Exercise directions:
Read the data, and whenever a line holds the word "ultimately", report that line.

== Records for processing ==

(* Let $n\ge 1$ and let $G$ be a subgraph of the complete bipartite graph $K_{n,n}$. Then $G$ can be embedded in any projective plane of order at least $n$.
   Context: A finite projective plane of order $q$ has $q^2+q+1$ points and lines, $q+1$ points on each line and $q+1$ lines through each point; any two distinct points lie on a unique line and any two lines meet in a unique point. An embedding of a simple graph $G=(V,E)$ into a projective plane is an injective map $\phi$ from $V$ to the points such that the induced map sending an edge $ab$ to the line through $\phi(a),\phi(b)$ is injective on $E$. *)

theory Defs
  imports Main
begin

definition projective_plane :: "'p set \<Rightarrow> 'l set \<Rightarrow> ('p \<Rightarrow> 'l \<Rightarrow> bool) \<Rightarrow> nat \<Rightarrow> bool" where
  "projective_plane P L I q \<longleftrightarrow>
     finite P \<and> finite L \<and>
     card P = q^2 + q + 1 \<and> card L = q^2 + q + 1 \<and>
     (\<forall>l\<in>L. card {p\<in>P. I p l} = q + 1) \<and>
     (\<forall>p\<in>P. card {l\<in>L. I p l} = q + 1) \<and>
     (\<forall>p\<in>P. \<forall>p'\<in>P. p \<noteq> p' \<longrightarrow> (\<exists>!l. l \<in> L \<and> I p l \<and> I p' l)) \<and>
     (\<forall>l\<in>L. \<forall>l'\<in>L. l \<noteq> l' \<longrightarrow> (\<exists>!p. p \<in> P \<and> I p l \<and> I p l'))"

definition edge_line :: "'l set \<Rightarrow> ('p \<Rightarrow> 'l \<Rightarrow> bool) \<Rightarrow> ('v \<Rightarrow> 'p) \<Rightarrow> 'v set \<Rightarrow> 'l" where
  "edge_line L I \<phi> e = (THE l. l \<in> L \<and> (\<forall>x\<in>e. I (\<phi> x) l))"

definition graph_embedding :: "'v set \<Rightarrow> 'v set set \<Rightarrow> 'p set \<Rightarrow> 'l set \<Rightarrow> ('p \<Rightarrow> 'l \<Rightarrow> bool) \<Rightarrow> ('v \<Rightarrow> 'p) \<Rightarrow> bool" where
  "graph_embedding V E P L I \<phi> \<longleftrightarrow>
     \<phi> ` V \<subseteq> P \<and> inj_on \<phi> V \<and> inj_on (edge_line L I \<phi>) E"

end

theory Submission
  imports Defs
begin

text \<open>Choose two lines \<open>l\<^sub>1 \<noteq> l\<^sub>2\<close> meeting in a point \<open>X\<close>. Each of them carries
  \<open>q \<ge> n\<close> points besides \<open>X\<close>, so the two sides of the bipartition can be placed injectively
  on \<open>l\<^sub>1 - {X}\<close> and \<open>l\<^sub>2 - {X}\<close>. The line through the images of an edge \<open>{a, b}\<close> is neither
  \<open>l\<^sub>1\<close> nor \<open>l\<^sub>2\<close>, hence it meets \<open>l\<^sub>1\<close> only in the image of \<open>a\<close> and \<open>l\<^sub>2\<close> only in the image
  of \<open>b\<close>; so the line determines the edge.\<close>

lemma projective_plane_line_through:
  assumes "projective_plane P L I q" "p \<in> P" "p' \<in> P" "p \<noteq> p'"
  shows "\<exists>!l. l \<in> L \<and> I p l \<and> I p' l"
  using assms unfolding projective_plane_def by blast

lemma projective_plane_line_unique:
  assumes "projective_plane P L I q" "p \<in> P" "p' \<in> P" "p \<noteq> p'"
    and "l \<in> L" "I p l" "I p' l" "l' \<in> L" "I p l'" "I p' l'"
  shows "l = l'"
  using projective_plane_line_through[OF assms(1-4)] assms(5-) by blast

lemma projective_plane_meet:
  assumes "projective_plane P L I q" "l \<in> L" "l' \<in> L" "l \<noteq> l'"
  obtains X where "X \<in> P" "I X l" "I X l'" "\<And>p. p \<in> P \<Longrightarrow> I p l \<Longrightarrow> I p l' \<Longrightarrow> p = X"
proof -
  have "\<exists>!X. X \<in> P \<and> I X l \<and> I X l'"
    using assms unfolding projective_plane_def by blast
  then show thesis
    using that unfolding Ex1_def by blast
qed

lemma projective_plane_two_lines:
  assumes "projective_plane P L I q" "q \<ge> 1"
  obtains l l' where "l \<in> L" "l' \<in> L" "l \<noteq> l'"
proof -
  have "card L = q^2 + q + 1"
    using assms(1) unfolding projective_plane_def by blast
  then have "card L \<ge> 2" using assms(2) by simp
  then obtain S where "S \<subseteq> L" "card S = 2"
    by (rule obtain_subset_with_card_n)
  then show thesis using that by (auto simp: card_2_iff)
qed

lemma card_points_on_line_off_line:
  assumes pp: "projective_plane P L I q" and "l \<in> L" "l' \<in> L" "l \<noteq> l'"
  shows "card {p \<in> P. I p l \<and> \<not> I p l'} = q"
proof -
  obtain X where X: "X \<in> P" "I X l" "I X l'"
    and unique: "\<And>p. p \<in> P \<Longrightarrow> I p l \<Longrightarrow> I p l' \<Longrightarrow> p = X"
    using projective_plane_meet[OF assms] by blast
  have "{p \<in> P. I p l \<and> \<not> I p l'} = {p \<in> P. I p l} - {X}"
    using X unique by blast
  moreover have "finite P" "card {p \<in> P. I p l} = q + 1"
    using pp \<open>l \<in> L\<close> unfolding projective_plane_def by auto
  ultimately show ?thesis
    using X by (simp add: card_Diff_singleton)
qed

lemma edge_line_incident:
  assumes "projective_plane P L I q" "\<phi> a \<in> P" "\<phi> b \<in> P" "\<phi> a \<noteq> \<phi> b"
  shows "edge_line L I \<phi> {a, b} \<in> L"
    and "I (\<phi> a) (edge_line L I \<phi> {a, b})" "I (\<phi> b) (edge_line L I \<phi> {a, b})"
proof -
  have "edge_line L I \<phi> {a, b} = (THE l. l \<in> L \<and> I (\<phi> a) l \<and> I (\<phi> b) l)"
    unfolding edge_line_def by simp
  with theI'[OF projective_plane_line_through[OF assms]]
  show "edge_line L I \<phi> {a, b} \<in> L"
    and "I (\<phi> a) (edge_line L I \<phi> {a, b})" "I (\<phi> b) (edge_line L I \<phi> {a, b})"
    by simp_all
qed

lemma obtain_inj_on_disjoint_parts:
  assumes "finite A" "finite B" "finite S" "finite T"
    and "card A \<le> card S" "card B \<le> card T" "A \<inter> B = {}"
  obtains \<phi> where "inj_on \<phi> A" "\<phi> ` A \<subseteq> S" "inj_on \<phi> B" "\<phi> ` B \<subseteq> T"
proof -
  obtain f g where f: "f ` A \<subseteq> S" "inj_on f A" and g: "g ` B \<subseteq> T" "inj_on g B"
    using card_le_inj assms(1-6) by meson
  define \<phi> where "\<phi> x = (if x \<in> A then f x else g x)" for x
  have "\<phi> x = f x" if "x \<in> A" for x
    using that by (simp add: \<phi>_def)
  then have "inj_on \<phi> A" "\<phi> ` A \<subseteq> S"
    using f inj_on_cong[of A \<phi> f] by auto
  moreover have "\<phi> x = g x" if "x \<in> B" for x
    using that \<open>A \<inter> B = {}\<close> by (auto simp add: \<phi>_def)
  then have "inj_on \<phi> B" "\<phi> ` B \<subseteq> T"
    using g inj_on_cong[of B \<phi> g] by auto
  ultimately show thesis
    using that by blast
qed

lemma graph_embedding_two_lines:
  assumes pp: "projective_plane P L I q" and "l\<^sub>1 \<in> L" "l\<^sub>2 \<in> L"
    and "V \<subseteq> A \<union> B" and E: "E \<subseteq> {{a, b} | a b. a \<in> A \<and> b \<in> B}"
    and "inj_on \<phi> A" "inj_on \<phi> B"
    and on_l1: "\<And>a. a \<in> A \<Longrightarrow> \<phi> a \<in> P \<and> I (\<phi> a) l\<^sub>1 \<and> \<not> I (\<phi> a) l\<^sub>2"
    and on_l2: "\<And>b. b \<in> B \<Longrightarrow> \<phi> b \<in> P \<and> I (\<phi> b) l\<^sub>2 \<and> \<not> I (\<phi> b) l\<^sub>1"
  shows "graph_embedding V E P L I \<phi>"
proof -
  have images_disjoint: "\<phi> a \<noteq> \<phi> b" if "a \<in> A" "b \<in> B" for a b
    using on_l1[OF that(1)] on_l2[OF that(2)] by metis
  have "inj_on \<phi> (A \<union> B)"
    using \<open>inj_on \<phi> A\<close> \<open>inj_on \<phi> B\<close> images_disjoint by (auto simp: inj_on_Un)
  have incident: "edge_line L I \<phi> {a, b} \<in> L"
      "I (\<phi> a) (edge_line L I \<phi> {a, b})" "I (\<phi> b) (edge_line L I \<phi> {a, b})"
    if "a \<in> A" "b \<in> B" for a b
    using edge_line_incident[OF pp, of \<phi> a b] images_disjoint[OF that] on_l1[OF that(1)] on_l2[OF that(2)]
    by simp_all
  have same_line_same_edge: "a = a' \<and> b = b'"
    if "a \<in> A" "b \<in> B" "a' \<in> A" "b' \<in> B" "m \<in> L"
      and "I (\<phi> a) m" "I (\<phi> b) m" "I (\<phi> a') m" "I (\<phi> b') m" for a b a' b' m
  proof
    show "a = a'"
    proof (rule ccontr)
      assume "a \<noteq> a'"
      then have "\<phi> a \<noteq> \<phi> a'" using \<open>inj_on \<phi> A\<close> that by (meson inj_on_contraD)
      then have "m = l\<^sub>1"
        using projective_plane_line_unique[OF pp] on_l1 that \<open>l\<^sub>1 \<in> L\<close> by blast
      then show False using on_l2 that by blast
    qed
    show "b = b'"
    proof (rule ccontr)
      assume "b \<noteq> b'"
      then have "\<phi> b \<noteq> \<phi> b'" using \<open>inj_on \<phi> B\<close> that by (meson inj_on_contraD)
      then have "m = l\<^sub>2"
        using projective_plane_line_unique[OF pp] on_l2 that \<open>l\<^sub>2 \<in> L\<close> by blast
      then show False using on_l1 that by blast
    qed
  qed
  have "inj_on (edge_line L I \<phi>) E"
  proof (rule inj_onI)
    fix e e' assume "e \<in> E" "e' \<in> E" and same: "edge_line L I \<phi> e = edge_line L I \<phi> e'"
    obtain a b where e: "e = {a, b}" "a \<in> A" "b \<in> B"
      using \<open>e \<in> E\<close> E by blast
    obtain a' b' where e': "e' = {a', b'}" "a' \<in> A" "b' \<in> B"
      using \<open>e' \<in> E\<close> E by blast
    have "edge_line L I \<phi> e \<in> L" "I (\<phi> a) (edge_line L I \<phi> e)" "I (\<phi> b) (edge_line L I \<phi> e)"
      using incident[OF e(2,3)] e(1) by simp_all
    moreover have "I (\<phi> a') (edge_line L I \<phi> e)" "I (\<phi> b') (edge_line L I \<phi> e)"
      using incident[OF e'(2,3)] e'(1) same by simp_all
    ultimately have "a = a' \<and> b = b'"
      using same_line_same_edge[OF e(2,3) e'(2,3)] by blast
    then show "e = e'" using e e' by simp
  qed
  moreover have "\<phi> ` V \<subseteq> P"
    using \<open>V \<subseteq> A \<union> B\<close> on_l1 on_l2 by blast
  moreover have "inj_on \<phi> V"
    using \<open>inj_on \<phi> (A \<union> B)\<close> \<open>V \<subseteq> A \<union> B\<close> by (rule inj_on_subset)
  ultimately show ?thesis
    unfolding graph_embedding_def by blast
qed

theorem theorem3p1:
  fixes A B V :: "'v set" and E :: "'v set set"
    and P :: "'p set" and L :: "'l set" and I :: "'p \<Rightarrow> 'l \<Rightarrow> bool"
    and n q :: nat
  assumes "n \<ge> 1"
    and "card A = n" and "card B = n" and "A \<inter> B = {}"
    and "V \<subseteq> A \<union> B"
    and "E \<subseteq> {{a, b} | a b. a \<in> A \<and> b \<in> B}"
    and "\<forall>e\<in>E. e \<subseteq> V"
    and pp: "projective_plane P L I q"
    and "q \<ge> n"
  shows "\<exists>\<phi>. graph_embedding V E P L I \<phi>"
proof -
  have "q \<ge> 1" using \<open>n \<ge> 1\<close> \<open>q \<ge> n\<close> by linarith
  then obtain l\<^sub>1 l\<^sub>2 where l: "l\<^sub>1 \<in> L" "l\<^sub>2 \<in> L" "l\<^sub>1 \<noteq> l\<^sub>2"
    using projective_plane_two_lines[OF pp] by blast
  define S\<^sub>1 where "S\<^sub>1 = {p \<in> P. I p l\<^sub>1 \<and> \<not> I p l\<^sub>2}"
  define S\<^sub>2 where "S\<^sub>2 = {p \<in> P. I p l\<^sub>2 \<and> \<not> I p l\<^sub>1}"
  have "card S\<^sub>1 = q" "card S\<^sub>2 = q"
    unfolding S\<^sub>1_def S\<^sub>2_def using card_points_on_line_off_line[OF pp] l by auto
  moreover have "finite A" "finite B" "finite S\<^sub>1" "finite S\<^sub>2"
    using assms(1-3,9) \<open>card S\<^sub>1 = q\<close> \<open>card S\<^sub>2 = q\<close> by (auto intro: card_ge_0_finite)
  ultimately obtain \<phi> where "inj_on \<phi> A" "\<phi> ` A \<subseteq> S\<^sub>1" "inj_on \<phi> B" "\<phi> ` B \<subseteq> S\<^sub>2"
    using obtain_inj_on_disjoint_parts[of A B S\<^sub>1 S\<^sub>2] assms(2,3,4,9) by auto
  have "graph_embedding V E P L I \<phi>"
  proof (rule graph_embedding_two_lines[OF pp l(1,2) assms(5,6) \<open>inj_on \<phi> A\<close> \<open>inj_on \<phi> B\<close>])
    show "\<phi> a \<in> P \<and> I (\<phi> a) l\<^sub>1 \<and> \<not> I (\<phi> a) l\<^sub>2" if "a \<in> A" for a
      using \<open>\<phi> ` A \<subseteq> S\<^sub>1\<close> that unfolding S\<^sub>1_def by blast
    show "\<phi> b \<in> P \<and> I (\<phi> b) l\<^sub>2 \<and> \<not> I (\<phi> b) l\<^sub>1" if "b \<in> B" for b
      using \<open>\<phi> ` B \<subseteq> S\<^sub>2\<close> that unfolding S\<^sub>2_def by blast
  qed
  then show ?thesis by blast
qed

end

===

Response to the task:
  ultimately show ?thesis
  ultimately show thesis
    ultimately have "a = a' \<and> b = b'"
  ultimately show ?thesis
  ultimately obtain \<phi> where "inj_on \<phi> A" "\<phi> ` A \<subseteq> S\<^sub>1" "inj_on \<phi> B" "\<phi> ` B \<subseteq> S\<^sub>2"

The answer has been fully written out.